- **Dataset excerpts**:

--- START ---

definition proj_dep_tree :: "nat \<Rightarrow> (nat \<times> nat) set \<Rightarrow> bool" where
  "proj_dep_tree n T \<longleftrightarrow>
     T \<subseteq> {0..n} \<times> {1..n} \<and>
     (\<forall>m \<in> {1..n}. \<exists>!h. (h, m) \<in> T) \<and>
     (\<forall>m \<in> {1..n}. (0, m) \<in> T\<^sup>+) \<and>
     (\<forall>(h, m) \<in> T. \<forall>k. min h m < k \<and> k < max h m \<longrightarrow> (h, k) \<in> T\<^sup>+)"

end

theory Submission
  imports Defs
begin

text \<open>Take \<open>f_sh = f_re = 0\<close>, \<open>f_ra = f_G\<close> and \<open>f_reL(x, y) = f_G(y, x)\<close>. Then each
  reduce step pays exactly \<open>f_G\<close> of the arc it adds, and since the two premises of a reduce step
  cover disjoint spans, every derivation scores exactly the edge-factored score of its arc set; so
  the maximum is attained as soon as one goal derivation of \<open>T\<close> exists. For that, call a span
  \<open>[k, j]\<close> closed if all words strictly inside have their head in \<open>[k, j]\<close>. Some arc enters
  the open span from an endpoint \<open>e\<close>; the child \<open>i\<close> of \<open>e\<close> inside the span farthest from
  \<open>e\<close> is crossed by no arc, by projectivity and acyclicity, so \<open>[k, i]\<close> and \<open>[i, j]\<close> are
  again closed and \<open>[k, j]\<close> is derived from them by a reduce step adding \<open>(e, i)\<close>.\<close>

lemma trancl_last_step_unique:
  assumes "single_valued (R\<inverse>)" and "(a, i) \<in> R\<^sup>+" and "(p, i) \<in> R"
  shows "(a, p) \<in> R\<^sup>*"
  using assms by (metis converse.intros single_valuedD tranclD2)

lemma ancestor_on_cycle:
  assumes sv: "single_valued (R\<inverse>)"
  shows "(a, x) \<in> R\<^sup>+ \<Longrightarrow> (x, x) \<in> R\<^sup>+ \<Longrightarrow> (x, a) \<in> R\<^sup>+"
proof (induction rule: trancl_induct)
  case (base x)
  then have "(x, a) \<in> R\<^sup>*" using trancl_last_step_unique[OF sv] by blast
  then show ?case using base.prems by (metis rtrancl_eq_or_trancl)
next
  case (step y x)
  have "(x, y) \<in> R\<^sup>*" using trancl_last_step_unique[OF sv step.prems step.hyps(2)] .
  then have "(y, y) \<in> R\<^sup>+" using step.hyps(2) by (meson rtrancl_into_trancl2 trancl_rtrancl_trancl r_into_trancl')
  then show ?case using step.IH \<open>(x, y) \<in> R\<^sup>*\<close> by (meson rtrancl_trancl_trancl)
qed

lemma trancl_enters_set:
  "(a, m) \<in> R\<^sup>+ \<Longrightarrow> a \<notin> S \<Longrightarrow> m \<in> S \<Longrightarrow> \<exists>x y. (x, y) \<in> R \<and> x \<notin> S \<and> y \<in> S"
  by (induction rule: trancl_induct) blast+

lemma ae_derives_item_bounds:
  assumes "ae_derives n v fsh frel fra fre (i, b, j) s A"
  shows "i < j \<and> finite A \<and> (\<forall>(h, m) \<in> A. i < m \<and> m < j)"
  using assms by (induction "(i, b, j)" s A arbitrary: i b j rule: ae_derives.induct) fastforce+

lemma edge_score_insert_union:
  assumes "finite A1" "finite A2" "A1 \<inter> A2 = {}" "(h, m) \<notin> A1 \<union> A2"
  shows "edge_score v f (A1 \<union> A2 \<union> {(h, m)}) = edge_score v f A1 + edge_score v f A2 + f (v h) (v m)"
  using assms by (simp add: edge_score_def sum.union_disjoint)

lemma ae_derives_score_eq_edge_score:
  assumes "ae_derives n v (\<lambda>_ _. 0) (\<lambda>x y. fG y x) fG (\<lambda>_ _. 0) it s A"
  shows "s = edge_score v fG A"
  using assms
proof (induction rule: ae_derives.induct)
  case (reL k b i s1 A1 j s2 A2)
  have "edge_score v fG (A1 \<union> A2 \<union> {(j, i)}) = edge_score v fG A1 + edge_score v fG A2 + fG (v j) (v i)"
    using ae_derives_item_bounds[OF reL.hyps(1)] ae_derives_item_bounds[OF reL.hyps(2)]
    by (intro edge_score_insert_union) fastforce+
  with reL.IH show ?case by simp
next
  case (re k b i s1 A1 j s2 A2)
  have "edge_score v fG (A1 \<union> A2 \<union> {(k, i)}) = edge_score v fG A1 + edge_score v fG A2 + fG (v k) (v i)"
    using ae_derives_item_bounds[OF re.hyps(1)] ae_derives_item_bounds[OF re.hyps(2)]
    by (intro edge_score_insert_union) fastforce+
  with re.IH show ?case by simp
qed (simp_all add: edge_score_def)

lemma ae_derives_unit_item:
  "k \<le> n \<Longrightarrow> (b \<Longrightarrow> 0 < k) \<Longrightarrow> ae_derives n v fsh frel fra fre (k, b, Suc k) 0 {}"
proof (induction k arbitrary: b)
  case 0
  then show ?case using ae_derives.ax by fastforce
next
  case (Suc k)
  then have "ae_derives n v fsh frel fra fre (k, False, Suc k) 0 {}" by simp
  then show ?case using ae_derives.sh ae_derives.ra Suc.prems(1) by (cases b) fastforce+
qed

locale projective_tree =
  fixes n :: nat and T :: "(nat \<times> nat) set"
  assumes tree: "proj_dep_tree n T"
begin

lemma arc_range: "T \<subseteq> {0..n} \<times> {1..n}"
  using tree by (simp add: proj_dep_tree_def)

lemma single_valued_heads: "single_valued (T\<inverse>)"
  using tree arc_range unfolding proj_dep_tree_def single_valued_def by blast

lemma root_reaches: "m \<in> {1..n} \<Longrightarrow> (0, m) \<in> T\<^sup>+"
  using tree by (simp add: proj_dep_tree_def)

lemma projective: "(h, m) \<in> T \<Longrightarrow> min h m < k \<Longrightarrow> k < max h m \<Longrightarrow> (h, k) \<in> T\<^sup>+"
  using tree unfolding proj_dep_tree_def by fast

lemma acyclic_tree: "acyclic T"
proof (rule acyclicI, intro allI notI)
  fix x assume cycle: "(x, x) \<in> T\<^sup>+"
  then obtain p where "(p, x) \<in> T" by (meson tranclD2)
  with arc_range have "x \<in> {1..n}" by auto
  then have "(0, x) \<in> T\<^sup>+" by (rule root_reaches)
  from ancestor_on_cycle[OF single_valued_heads this cycle] obtain q where "(q, 0) \<in> T"
    by (meson tranclD2)
  with arc_range show False by auto
qed

definition span_closed :: "nat \<Rightarrow> nat \<Rightarrow> bool" where
  "span_closed k j \<longleftrightarrow> (\<forall>h m. (h, m) \<in> T \<longrightarrow> k < m \<longrightarrow> m < j \<longrightarrow> k \<le> h \<and> h \<le> j)"

definition span_arcs :: "nat \<Rightarrow> nat \<Rightarrow> (nat \<times> nat) set" where
  "span_arcs k j = {(h, m) \<in> T. k < m \<and> m < j}"

definition outermost_arc :: "nat \<Rightarrow> nat \<Rightarrow> nat \<Rightarrow> nat \<Rightarrow> bool" where
  "outermost_arc k j e i \<longleftrightarrow> (e = k \<or> e = j) \<and> (e, i) \<in> T \<and> k < i \<and> i < j \<and>
     (\<forall>m. (e, m) \<in> T \<longrightarrow> k < m \<longrightarrow> m < j \<longrightarrow> \<not> (min e m < i \<and> i < max e m))"

lemma outermost_arc_not_crossed:
  assumes closed: "span_closed k j" and outer: "outermost_arc k j e i"
    and hm: "(h, m) \<in> T" "k < m" "m < j" "m \<noteq> i"
  shows "\<not> (min h m < i \<and> i < max h m)"
proof
  assume cross: "min h m < i \<and> i < max h m"
  from outer have e: "e = k \<or> e = j" and ei: "(e, i) \<in> T" and i: "k < i" "i < j"
    unfolding outermost_arc_def by auto
  have h: "k \<le> h" "h \<le> j" using closed hm unfolding span_closed_def by auto
  have "(h, i) \<in> T\<^sup>+" using projective[OF hm(1)] cross by simp
  then have "(h, e) \<in> T\<^sup>*" using trancl_last_step_unique[OF single_valued_heads _ ei] by blast
  moreover have "h \<noteq> e"
  proof
    assume "h = e"
    with outer hm cross show False unfolding outermost_arc_def by blast
  qed
  ultimately have he: "(h, e) \<in> T\<^sup>+" by (metis rtrancl_eq_or_trancl)
  have "(e, h) \<in> T\<^sup>*"
  proof (cases "min e i < m \<and> m < max e i")
    case True
    then have "(e, m) \<in> T\<^sup>+" using projective[OF ei] by simp
    then show ?thesis using trancl_last_step_unique[OF single_valued_heads _ hm(1)] by blast
  next
    case False
    then have "min e i < h \<and> h < max e i" using e h i cross hm \<open>h \<noteq> e\<close> by linarith
    then have "(e, h) \<in> T\<^sup>+" using projective[OF ei] by simp
    then show ?thesis by simp
  qed
  with he have "(e, e) \<in> T\<^sup>+" by (meson rtrancl_trancl_trancl)
  with acyclic_tree show False unfolding acyclic_def by blast
qed

lemma outermost_arc_splits_span:
  assumes closed: "span_closed k j" and outer: "outermost_arc k j e i"
  shows "span_closed k i" "span_closed i j"
proof -
  note not_crossed = outermost_arc_not_crossed[OF closed outer]
  from outer have i: "k < i" "i < j" unfolding outermost_arc_def by auto
  show "span_closed k i" unfolding span_closed_def
  proof (intro allI impI)
    fix h m assume hm: "(h, m) \<in> T" "k < m" "m < i"
    with closed i have "k \<le> h" "h \<le> j" unfolding span_closed_def by auto
    moreover have "\<not> i < h" using not_crossed[of h m] hm i by auto
    ultimately show "k \<le> h \<and> h \<le> i" by auto
  qed
  show "span_closed i j" unfolding span_closed_def
  proof (intro allI impI)
    fix h m assume hm: "(h, m) \<in> T" "i < m" "m < j"
    with closed i have "k \<le> h" "h \<le> j" unfolding span_closed_def by auto
    moreover have "\<not> h < i" using not_crossed[of h m] hm i by auto
    ultimately show "i \<le> h \<and> h \<le> j" by auto
  qed
qed

lemma exists_outermost_arc:
  assumes kj: "Suc k < j" "j \<le> Suc n" and closed: "span_closed k j"
  obtains e i where "outermost_arc k j e i"
proof -
  have "(0, Suc k) \<in> T\<^sup>+" using kj by (intro root_reaches) auto
  then obtain e m where em: "(e, m) \<in> T" "e \<notin> {k<..<j}" "m \<in> {k<..<j}"
    using trancl_enters_set[of 0 "Suc k" T "{k<..<j}"] kj by auto
  with closed have e: "e = k \<or> e = j" unfolding span_closed_def by fastforce
  let ?child = "\<lambda>m. (e, m) \<in> T \<and> k < m \<and> m < j"
  have "\<exists>i. ?child i \<and> (\<forall>m. ?child m \<longrightarrow> max e m - min e m \<le> max e i - min e i)"
    by (rule ex_has_greatest_nat[where b = "Suc j"]) (use em e in auto)
  then obtain i where i: "?child i"
    and farthest: "\<And>m. ?child m \<Longrightarrow> max e m - min e m \<le> max e i - min e i" by blast
  have "\<not> (min e m < i \<and> i < max e m)" if child: "?child m" for m
    using farthest[OF child] by auto
  with e i show ?thesis by (intro that[of e i]) (auto simp: outermost_arc_def)
qed

lemma span_arcs_decompose:
  assumes "(e, i) \<in> T" "k < i" "i < j"
  shows "span_arcs k j = span_arcs k i \<union> span_arcs i j \<union> {(e, i)}"
proof (rule set_eqI)
  fix p :: "nat \<times> nat"
  obtain h m where p: "p = (h, m)" by fastforce
  have "h = e" if "m = i" "(h, m) \<in> T"
    using single_valuedD[OF single_valued_heads] that assms(1) by blast
  with assms show "p \<in> span_arcs k j \<longleftrightarrow> p \<in> span_arcs k i \<union> span_arcs i j \<union> {(e, i)}"
    unfolding p span_arcs_def by (cases m i rule: linorder_cases) auto
qed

--- END ---

- **About this exercise**: Copy every line from the records that holds the string "farthest".

- **Solution**:
  the open span from an endpoint \<open>e\<close>; the child \<open>i\<close> of \<open>e\<close> inside the span farthest from
    and farthest: "\<And>m. ?child m \<Longrightarrow> max e m - min e m \<le> max e i - min e i" by blast
    using farthest[OF child] by auto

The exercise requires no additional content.